**DIRECTIONS:**
Check each line of the data below for the word "element", then extract the ones that have it.

**EXTRACTED RECORDS:**
(* Let $W\in\{\mathrm{A}_{\frac12\infty},\mathrm{D}_{\frac12\infty}\}$ and $d\ge1$. The Coxeter element $Cox^{(d)}_W$, an endomorphism of $H_{W,\mathbb{C}}$, extends to an invertible bounded operator (with bounded inverse) on $\overline H_{W,\mathbb{C}}$.
   Context: Index sets: $C_{W,0}=\{c_0^{(n)}:n\ge1\}$ (type A) or $\{c_0^{(n)}:n\ge1\}\cup\{c_0^\pm\}$ (type D); $C_{W,1}=\{c_1^{(n)}:n\ge1\}$; $C_W=C_{W,0}\sqcup C_{W,1}$; $c_0^{(n)}$ is adjacent to $c_1^{(n)}$ and $c_1^{(n+1)}$, and in type D $c_0^\pm$ are adjacent to $c_1^{(1)}$; nothing else is adjacent. $H_{W,\mathbb{C}}=\bigoplus_{c\in C_W}\mathbb{C}\gamma_c$ with $H_{W,i,\mathbb{C}}=\bigoplus_{c\in C_{W,i}}\mathbb{C}\gamma_c$, Hermitian product making $\{\gamma_c\}$ orthonormal, and $\overline H_{W,\mathbb{C}}$ its $\ell^2$-completion. $J_W$ is the bilinear form with $J_W(\gamma_c,\gamma_{c'})=1$ if $c=c'$, $-1$ if $c\in C_{W,0}$, $c'\in C_{W,1}$ adjacent, $0$ otherwise. The Coxeter element (geometrically the product $\sigma_{W,0}\circ\sigma_{W,1}$ of the monodromies around $0$ and $1$ of the fibration defined by $f_W^{(d)}$) is defined by: for $u\in H_{W,0,\mathbb{C}}$, $Cox^{(d)}_W(u)=(-1)^{d-1}\big(u+\sum_{c\in C_{W,1}}J_W(u,\gamma_c)\gamma_c-\sum_{c\in C_{W,1}}\sum_{e\in C_{W,0}}J_W(u,\gamma_c)J_W(\gamma_e,\gamma_c)\gamma_e\big)$; for $u\in H_{W,1,\mathbb{C}}$, $Cox^{(d)}_W(u)=(-1)^{d-1}\big(u-\sum_{c\in C_{W,0}}J_W(\gamma_c,u)\gamma_c\big)$. *)

theory Defs
  imports "HOL-Analysis.Analysis"
begin

datatype wtype = TypeA | TypeD

text \<open>Vertices: V0 n = c_0^(n), V1 n = c_1^(n) (n >= 1), Pl = c_0^+, Mi = c_0^-.\<close>
datatype vert = V0 nat | V1 nat | Pl | Mi
text \<open>The key estimate: the integral of exp (eta G) over T is at least its integral over the
  homothetic copy, where the integrand is bounded below by a constant.\<close>

lemma exp_concave_integral_lower_bound:
  fixes T :: "'a::euclidean_space set" and G :: "'a \<Rightarrow> real"
  assumes "compact T" "convex T" and "concave_on T G" and "\<And>y. y \<in> T \<Longrightarrow> G y \<in> {a..b}"
    and "x0 \<in> T" "0 < s" "s \<le> 1" "\<eta> \<ge> 0"
  shows "exp (\<eta> * (G x0 - s * (b - a))) * s ^ DIM('a) * measure lebesgue T
           \<le> integral T (\<lambda>y. exp (\<eta> * G y))"
proof -
  let ?h = "\<lambda>y. exp (\<eta> * G y)" and ?c = "exp (\<eta> * (G x0 - s * (b - a)))"
  define Ts where "Ts = homothety_image s x0 T"
  have TsT: "Ts \<subseteq> T"
    unfolding Ts_def using assms(2,5-7) by (intro homothety_image_subset) auto
  have LTs: "Ts \<in> lmeasurable"
    unfolding Ts_def homothety_image_def
    by (intro lmeasurable_compact compact_continuous_image assms(1) continuous_intros)
  have bounds: "\<And>y. y \<in> T \<Longrightarrow> G y \<le> b"
    using assms(4) by auto
  have int: "?h integrable_on E" if "E \<subseteq> T" "E \<in> lmeasurable" for E
    using exp_concave_integrable_on[OF compact_imp_bounded[OF assms(1)] assms(2,3) bounds]
      that assms(8) by blast
  have "?c * s ^ DIM('a) * measure lebesgue T = ?c * measure lebesgue Ts"
    by (simp add: Ts_def measure_homothety_image[OF assms(6)] mult.assoc)
  also have "\<dots> = integral Ts (\<lambda>y. ?c)"
    using lmeasure_integral[OF LTs] by (simp add: integral_mult_right[symmetric])
  also have "\<dots> \<le> integral Ts ?h"
  proof (rule integral_le)
    fix y assume "y \<in> Ts"
    then show "?c \<le> ?h y"
      using concave_on_homothety_lower_bound[OF assms(3,4,5)] assms(6-8)
      unfolding Ts_def by (simp add: mult_left_mono)
  qed (use LTs TsT int in \<open>auto intro: integrable_on_const\<close>)
  also have "\<dots> \<le> integral T ?h"
    using TsT LTs int lmeasurable_compact[OF assms(1)] by (intro integral_subset_le) auto
  finally show ?thesis .
qed

text \<open>Taking logarithms in the estimate at the optimal ratio s = n / (eta c).\<close>

lemma ln_rearrange_optimal_ratio:
  fixes n :: nat
  assumes "\<eta> > 0" "c > 0" "n > 0"
    and "exp (\<eta> * (y - real n / (\<eta> * c) * c)) * (real n / (\<eta> * c)) ^ n \<le> Q"
  shows "y \<le> 1 / \<eta> * ln Q + real n / \<eta> * ln (\<eta> * exp 1 * c / real n)"
proof -
  define s where "s = real n / (\<eta> * c)"
  have s0: "s > 0"
    unfolding s_def using assms(1-3) by simp
  let ?P = "exp (\<eta> * (y - s * c)) * s ^ n"
  have "\<eta> * (y - s * c) = \<eta> * y - real n"
    unfolding s_def using assms(1,2) by (simp add: algebra_simps)
  then have ln_P: "ln ?P = \<eta> * y - real n + real n * ln s"
    using s0 by (simp add: ln_mult ln_realpow)
  have "0 < ?P"
    using s0 by simp
  then have ln_le: "ln ?P \<le> ln Q"
    by (rule ln_mono[OF assms(4)[folded s_def]])
  have "\<eta> * exp 1 * c / real n = exp 1 / s"
    unfolding s_def using assms by simp
  then have "real n * ln (\<eta> * exp 1 * c / real n) = real n - real n * ln s"
    using s0 by (simp add: ln_div right_diff_distrib)
  then have "\<eta> * y \<le> ln Q + real n * ln (\<eta> * exp 1 * c / real n)"
    using ln_P ln_le by linarith
  then show ?thesis
    using assms(1) by (simp add: field_simps)
qed

lemma concave_pointwise_log_integral_bound:
  fixes T :: "'b::euclidean_space set" and G :: "'b \<Rightarrow> real"
  assumes "compact T" "convex T" "interior T \<noteq> {}"
    and "concave_on T G" and "\<And>y. y \<in> T \<Longrightarrow> G y \<in> {a..b}"
    and "a < b" "\<eta> > 0" "\<eta> * (b - a) \<ge> real DIM('b)" and "x0 \<in> T"
  shows "G x0 \<le> 1 / \<eta> * ln (integral T (\<lambda>y. exp (\<eta> * G y)) / measure lebesgue T)
           + real DIM('b) / \<eta> * ln (\<eta> * exp 1 * (b - a) / real DIM('b))"
proof (rule ln_rearrange_optimal_ratio)
  let ?s = "real DIM('b) / (\<eta> * (b - a))"
  have "0 < ?s" "?s \<le> 1"
    using assms(6-8) by auto
  then have "exp (\<eta> * (G x0 - ?s * (b - a))) * ?s ^ DIM('b) * measure lebesgue T
               \<le> integral T (\<lambda>y. exp (\<eta> * G y))"
    using assms(7) by (intro exp_concave_integral_lower_bound[OF assms(1,2,4,5,9)]) auto
  moreover have "measure lebesgue T > 0"
    using assms(1-3) by (intro measure_pos_convex_body compact_imp_bounded)
  ultimately show "exp (\<eta> * (G x0 - ?s * (b - a))) * ?s ^ DIM('b)
                     \<le> integral T (\<lambda>y. exp (\<eta> * G y)) / measure lebesgue T"
    by (simp add: pos_le_divide_eq)
qed (use assms in auto)
(* Let $T>0$, $\lambda>0$, $\phi,\varrho\ge0$, $G\in\mathcal G$. Then $\sup_{t\le T}\|\Gamma_t^{-1}\|_{\rm op}<\infty$.
   Context: $\mathcal G$: nonnegative definite Volterra kernels $G:[0,T]^2\to[0,\infty)$ ($G(t,s)=0$ for $s\ge t$; $\int\int(G(t,s)+G(s,t))f(s)f(t)\ge0$ for all $f\in L^2([0,T],\mathbb R)$) with $\sup_t\int_0^T|G(t,s)|^2ds+\sup_s\int_0^T|G(t,s)|^2dt<\infty$ and $\lim_{h\to0}\int_0^T|G(t+h,s)-G(t,s)|^2ds=0$ for each $t$. $\tilde G(t,s)=2\varrho\mathbb 1_{\{s<t\}}+G(t,s)$. On $L^2([0,T],\mathbb R)$: $\tilde{\mathbf G}_t$ has kernel $\tilde G(s,u)\mathbb 1_{\{u\ge t\}}$, $\mathbf 1_t$ has kernel $(u,s)\mapsto\mathbb 1_{\{u\ge s\}}\mathbb 1_{\{s\ge t\}}$, $\mathbf D_t=2\lambda{\rm id}+\tilde{\mathbf G}_t+\tilde{\mathbf G}_t^*+2\phi\mathbf 1_t^*\mathbf 1_t$ (invertible). $\Gamma_t^{-1}$ is the operator on $L^2([0,T],\mathbb R^2)$ with block form $\begin{pmatrix}\mathbf D_t^{-1}&-2\phi\mathbf D_t^{-1}\mathbf 1_t^*\\-2\phi\mathbf 1_t\mathbf D_t^{-1}&-2\phi{\rm id}+4\phi^2\mathbf 1_t\mathbf D_t^{-1}\mathbf 1_t^*\end{pmatrix}$. $\|\cdot\|_{\rm op}$ is the operator norm on $L^2([0,T],\mathbb R^2)$. *)

theory Defs
  imports "HOL-Analysis.Analysis"
begin

text \<open>Functions on [0,T] are represented as total functions real => real; only their
values on [0,T] matter. All integrals are Lebesgue integrals over [0,T].\<close>

abbreviation LT :: "real \<Rightarrow> real measure" where
  "LT T \<equiv> lebesgue_on {0..T}"

definition L2T :: "real \<Rightarrow> (real \<Rightarrow> real) \<Rightarrow> bool" where
  "L2T T f \<longleftrightarrow> f \<in> borel_measurable (LT T) \<and> integrable (LT T) (\<lambda>s. (f s)\<^sup>2)"

definition kernel_class :: "real \<Rightarrow> (real \<Rightarrow> real \<Rightarrow> real) \<Rightarrow> bool" where
  "kernel_class T G \<longleftrightarrow>
     (\<lambda>(t,s). G t s) \<in> borel_measurable (lebesgue_on ({0..T} \<times> {0..T}))
   \<and> (\<forall>t\<in>{0..T}. \<forall>s\<in>{0..T}. G t s \<ge> 0)
   \<and> (\<forall>t\<in>{0..T}. \<forall>s\<in>{0..T}. s \<ge> t \<longrightarrow> G t s = 0)
   \<and> (\<forall>f. L2T T f \<longrightarrow>
        (\<integral>t. (\<integral>s. (G t s + G s t) * f s * f t \<partial>LT T) \<partial>LT T) \<ge> 0)
   \<and> (SUP t\<in>{0..T}. \<integral>\<^sup>+ s. ennreal ((G t s)\<^sup>2) \<partial>LT T)
       + (SUP s\<in>{0..T}. \<integral>\<^sup>+ t. ennreal ((G t s)\<^sup>2) \<partial>LT T) < \<infinity>
   \<and> (\<forall>t\<in>{0..T}. ((\<lambda>h. \<integral>\<^sup>+ s. ennreal ((G (t + h) s - G t s)\<^sup>2) \<partial>LT T) \<longlongrightarrow> 0)
                    (at 0 within {h. t + h \<in> {0..T}}))"

definition Gtilde :: "real \<Rightarrow> (real \<Rightarrow> real \<Rightarrow> real) \<Rightarrow> real \<Rightarrow> real \<Rightarrow> real" where
  "Gtilde \<rho> G t s = 2 * \<rho> * (if s < t then 1 else 0) + G t s"

definition kop :: "real \<Rightarrow> (real \<Rightarrow> real \<Rightarrow> real) \<Rightarrow> (real \<Rightarrow> real) \<Rightarrow> real \<Rightarrow> real" where
  "kop T K f = (\<lambda>s. \<integral>u. K s u * f u \<partial>LT T)"

text \<open>Kernel of tilde G_t: (s,u) |-> tilde G(s,u) 1_{u >= t}; adjoint kernel is transposed.\<close>
definition Gt_ker :: "real \<Rightarrow> (real \<Rightarrow> real \<Rightarrow> real) \<Rightarrow> real \<Rightarrow> real \<Rightarrow> real \<Rightarrow> real" where
  "Gt_ker \<rho> G t s u = Gtilde \<rho> G s u * (if u \<ge> t then 1 else 0)"

definition one_ker :: "real \<Rightarrow> real \<Rightarrow> real \<Rightarrow> real" where
  "one_ker t u s = (if u \<ge> s \<and> s \<ge> t then 1 else 0)"

definition one_op :: "real \<Rightarrow> real \<Rightarrow> (real \<Rightarrow> real) \<Rightarrow> real \<Rightarrow> real" where
  "one_op T t = kop T (one_ker t)"

definition one_adj :: "real \<Rightarrow> real \<Rightarrow> (real \<Rightarrow> real) \<Rightarrow> real \<Rightarrow> real" where
  "one_adj T t = kop T (\<lambda>s u. one_ker t u s)"

definition D_op :: "real \<Rightarrow> real \<Rightarrow> real \<Rightarrow> real \<Rightarrow> (real \<Rightarrow> real \<Rightarrow> real) \<Rightarrow> real
                     \<Rightarrow> (real \<Rightarrow> real) \<Rightarrow> real \<Rightarrow> real" where
  "D_op T lam \<phi> \<rho> G t f = (\<lambda>s. 2 * lam * f s
      + kop T (Gt_ker \<rho> G t) f s
      + kop T (\<lambda>s u. Gt_ker \<rho> G t u s) f s
      + 2 * \<phi> * one_adj T t (one_op T t f) s)"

**TASK SOLUTION:**
(* Let $W\in\{\mathrm{A}_{\frac12\infty},\mathrm{D}_{\frac12\infty}\}$ and $d\ge1$. The Coxeter element $Cox^{(d)}_W$, an endomorphism of $H_{W,\mathbb{C}}$, extends to an invertible bounded operator (with bounded inverse) on $\overline H_{W,\mathbb{C}}$.
   Context: Index sets: $C_{W,0}=\{c_0^{(n)}:n\ge1\}$ (type A) or $\{c_0^{(n)}:n\ge1\}\cup\{c_0^\pm\}$ (type D); $C_{W,1}=\{c_1^{(n)}:n\ge1\}$; $C_W=C_{W,0}\sqcup C_{W,1}$; $c_0^{(n)}$ is adjacent to $c_1^{(n)}$ and $c_1^{(n+1)}$, and in type D $c_0^\pm$ are adjacent to $c_1^{(1)}$; nothing else is adjacent. $H_{W,\mathbb{C}}=\bigoplus_{c\in C_W}\mathbb{C}\gamma_c$ with $H_{W,i,\mathbb{C}}=\bigoplus_{c\in C_{W,i}}\mathbb{C}\gamma_c$, Hermitian product making $\{\gamma_c\}$ orthonormal, and $\overline H_{W,\mathbb{C}}$ its $\ell^2$-completion. $J_W$ is the bilinear form with $J_W(\gamma_c,\gamma_{c'})=1$ if $c=c'$, $-1$ if $c\in C_{W,0}$, $c'\in C_{W,1}$ adjacent, $0$ otherwise. The Coxeter element (geometrically the product $\sigma_{W,0}\circ\sigma_{W,1}$ of the monodromies around $0$ and $1$ of the fibration defined by $f_W^{(d)}$) is defined by: for $u\in H_{W,0,\mathbb{C}}$, $Cox^{(d)}_W(u)=(-1)^{d-1}\big(u+\sum_{c\in C_{W,1}}J_W(u,\gamma_c)\gamma_c-\sum_{c\in C_{W,1}}\sum_{e\in C_{W,0}}J_W(u,\gamma_c)J_W(\gamma_e,\gamma_c)\gamma_e\big)$; for $u\in H_{W,1,\mathbb{C}}$, $Cox^{(d)}_W(u)=(-1)^{d-1}\big(u-\sum_{c\in C_{W,0}}J_W(\gamma_c,u)\gamma_c\big)$. *)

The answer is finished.